** Listed entries follows **
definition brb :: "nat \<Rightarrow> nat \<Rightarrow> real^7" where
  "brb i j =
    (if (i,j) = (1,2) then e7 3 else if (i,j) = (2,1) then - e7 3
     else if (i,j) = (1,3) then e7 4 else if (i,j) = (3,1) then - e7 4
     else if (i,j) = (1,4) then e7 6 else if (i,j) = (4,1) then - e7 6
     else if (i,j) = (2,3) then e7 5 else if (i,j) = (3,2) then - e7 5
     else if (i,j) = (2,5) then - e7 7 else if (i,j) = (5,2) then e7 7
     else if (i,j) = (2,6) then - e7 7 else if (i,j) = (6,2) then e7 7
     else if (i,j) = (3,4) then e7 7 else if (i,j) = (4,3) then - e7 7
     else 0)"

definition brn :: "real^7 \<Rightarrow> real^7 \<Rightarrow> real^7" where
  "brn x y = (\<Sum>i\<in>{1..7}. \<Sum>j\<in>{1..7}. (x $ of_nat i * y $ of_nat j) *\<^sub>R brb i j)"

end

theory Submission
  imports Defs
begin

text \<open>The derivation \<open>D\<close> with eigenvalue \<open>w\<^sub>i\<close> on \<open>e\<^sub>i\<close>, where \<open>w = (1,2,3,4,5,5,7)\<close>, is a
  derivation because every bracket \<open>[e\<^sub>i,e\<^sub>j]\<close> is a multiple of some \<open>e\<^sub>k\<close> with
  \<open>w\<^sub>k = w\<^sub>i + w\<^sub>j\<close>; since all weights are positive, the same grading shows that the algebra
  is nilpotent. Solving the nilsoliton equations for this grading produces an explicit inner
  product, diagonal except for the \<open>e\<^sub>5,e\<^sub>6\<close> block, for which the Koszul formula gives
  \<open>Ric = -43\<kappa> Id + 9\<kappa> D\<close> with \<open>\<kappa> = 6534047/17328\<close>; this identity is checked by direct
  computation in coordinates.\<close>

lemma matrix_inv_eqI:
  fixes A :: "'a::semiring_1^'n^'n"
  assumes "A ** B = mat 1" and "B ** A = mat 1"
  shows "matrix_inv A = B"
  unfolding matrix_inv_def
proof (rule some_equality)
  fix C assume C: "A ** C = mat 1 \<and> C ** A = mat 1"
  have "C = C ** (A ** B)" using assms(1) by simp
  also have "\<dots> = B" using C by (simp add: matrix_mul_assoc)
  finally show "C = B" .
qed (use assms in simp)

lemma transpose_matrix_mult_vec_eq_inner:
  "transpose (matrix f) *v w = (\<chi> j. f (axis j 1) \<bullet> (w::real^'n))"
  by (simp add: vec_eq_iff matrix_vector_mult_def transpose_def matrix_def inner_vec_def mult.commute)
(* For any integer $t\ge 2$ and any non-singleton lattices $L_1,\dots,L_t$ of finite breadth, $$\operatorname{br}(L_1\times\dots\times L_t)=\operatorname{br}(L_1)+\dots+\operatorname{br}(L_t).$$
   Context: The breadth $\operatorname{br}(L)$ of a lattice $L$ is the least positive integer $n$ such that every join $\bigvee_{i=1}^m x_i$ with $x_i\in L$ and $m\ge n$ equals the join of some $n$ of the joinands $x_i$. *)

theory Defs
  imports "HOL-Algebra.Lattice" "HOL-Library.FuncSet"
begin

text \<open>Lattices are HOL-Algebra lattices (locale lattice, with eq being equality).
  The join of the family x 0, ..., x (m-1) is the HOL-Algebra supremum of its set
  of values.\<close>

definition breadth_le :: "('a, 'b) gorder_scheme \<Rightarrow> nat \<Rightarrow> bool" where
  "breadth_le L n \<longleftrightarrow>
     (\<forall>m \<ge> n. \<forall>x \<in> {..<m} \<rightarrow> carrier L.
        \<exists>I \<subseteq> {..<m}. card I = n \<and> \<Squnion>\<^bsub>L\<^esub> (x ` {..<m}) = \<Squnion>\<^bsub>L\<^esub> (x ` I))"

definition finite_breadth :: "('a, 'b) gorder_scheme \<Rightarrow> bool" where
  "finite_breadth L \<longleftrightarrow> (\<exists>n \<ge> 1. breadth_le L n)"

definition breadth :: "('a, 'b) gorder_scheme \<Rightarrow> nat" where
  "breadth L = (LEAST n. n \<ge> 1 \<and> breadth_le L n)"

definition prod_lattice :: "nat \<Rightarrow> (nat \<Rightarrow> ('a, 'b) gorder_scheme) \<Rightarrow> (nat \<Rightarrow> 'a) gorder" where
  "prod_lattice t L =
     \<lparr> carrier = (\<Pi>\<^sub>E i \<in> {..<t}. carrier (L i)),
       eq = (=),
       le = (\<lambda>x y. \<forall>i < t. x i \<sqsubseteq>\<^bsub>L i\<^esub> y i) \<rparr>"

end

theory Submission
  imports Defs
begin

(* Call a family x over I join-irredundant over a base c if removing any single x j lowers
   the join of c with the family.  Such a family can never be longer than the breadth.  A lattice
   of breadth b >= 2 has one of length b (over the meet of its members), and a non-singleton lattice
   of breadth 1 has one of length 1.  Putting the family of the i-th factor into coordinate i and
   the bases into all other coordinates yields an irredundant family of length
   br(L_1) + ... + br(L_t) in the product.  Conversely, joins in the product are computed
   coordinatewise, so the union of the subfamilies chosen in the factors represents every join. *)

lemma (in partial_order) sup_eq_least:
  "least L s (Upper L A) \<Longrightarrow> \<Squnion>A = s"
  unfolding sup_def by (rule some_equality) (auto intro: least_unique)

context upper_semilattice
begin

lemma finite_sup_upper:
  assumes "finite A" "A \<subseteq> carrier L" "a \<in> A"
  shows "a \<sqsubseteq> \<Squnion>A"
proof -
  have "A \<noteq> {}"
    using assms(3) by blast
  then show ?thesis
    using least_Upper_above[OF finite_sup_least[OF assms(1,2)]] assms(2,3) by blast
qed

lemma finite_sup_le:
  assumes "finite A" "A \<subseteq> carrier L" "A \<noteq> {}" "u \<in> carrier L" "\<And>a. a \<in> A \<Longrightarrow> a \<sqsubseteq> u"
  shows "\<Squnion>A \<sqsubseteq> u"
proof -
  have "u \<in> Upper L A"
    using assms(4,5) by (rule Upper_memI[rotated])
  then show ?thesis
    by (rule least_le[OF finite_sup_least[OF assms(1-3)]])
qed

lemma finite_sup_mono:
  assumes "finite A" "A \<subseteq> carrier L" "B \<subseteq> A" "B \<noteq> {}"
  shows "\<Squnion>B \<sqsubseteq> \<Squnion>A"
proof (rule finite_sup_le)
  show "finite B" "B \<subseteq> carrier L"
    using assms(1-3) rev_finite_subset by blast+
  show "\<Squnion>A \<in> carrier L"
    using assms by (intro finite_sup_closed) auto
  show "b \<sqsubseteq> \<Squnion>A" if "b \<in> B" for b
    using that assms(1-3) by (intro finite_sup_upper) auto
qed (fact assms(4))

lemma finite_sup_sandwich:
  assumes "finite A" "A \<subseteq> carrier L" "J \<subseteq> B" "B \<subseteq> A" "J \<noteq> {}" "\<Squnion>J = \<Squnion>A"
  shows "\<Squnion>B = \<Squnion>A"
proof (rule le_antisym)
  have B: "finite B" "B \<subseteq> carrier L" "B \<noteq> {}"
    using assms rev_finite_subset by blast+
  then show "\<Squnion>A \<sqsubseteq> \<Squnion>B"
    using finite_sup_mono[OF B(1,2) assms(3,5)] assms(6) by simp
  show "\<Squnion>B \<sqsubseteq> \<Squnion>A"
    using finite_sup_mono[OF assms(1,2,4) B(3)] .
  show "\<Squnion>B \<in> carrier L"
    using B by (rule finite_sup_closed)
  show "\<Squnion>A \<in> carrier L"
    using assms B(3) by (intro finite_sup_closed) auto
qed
** End of Listed entries **
## Your instructions
Which lines of the data contain the string "this"? Copy each of them.

## Expected answer
  is nilpotent. Solving the nilsoliton equations for this grading produces an explicit inner
  \<open>Ric = -43\<kappa> Id + 9\<kappa> D\<close> with \<open>\<kappa> = 6534047/17328\<close>; this identity is checked by direct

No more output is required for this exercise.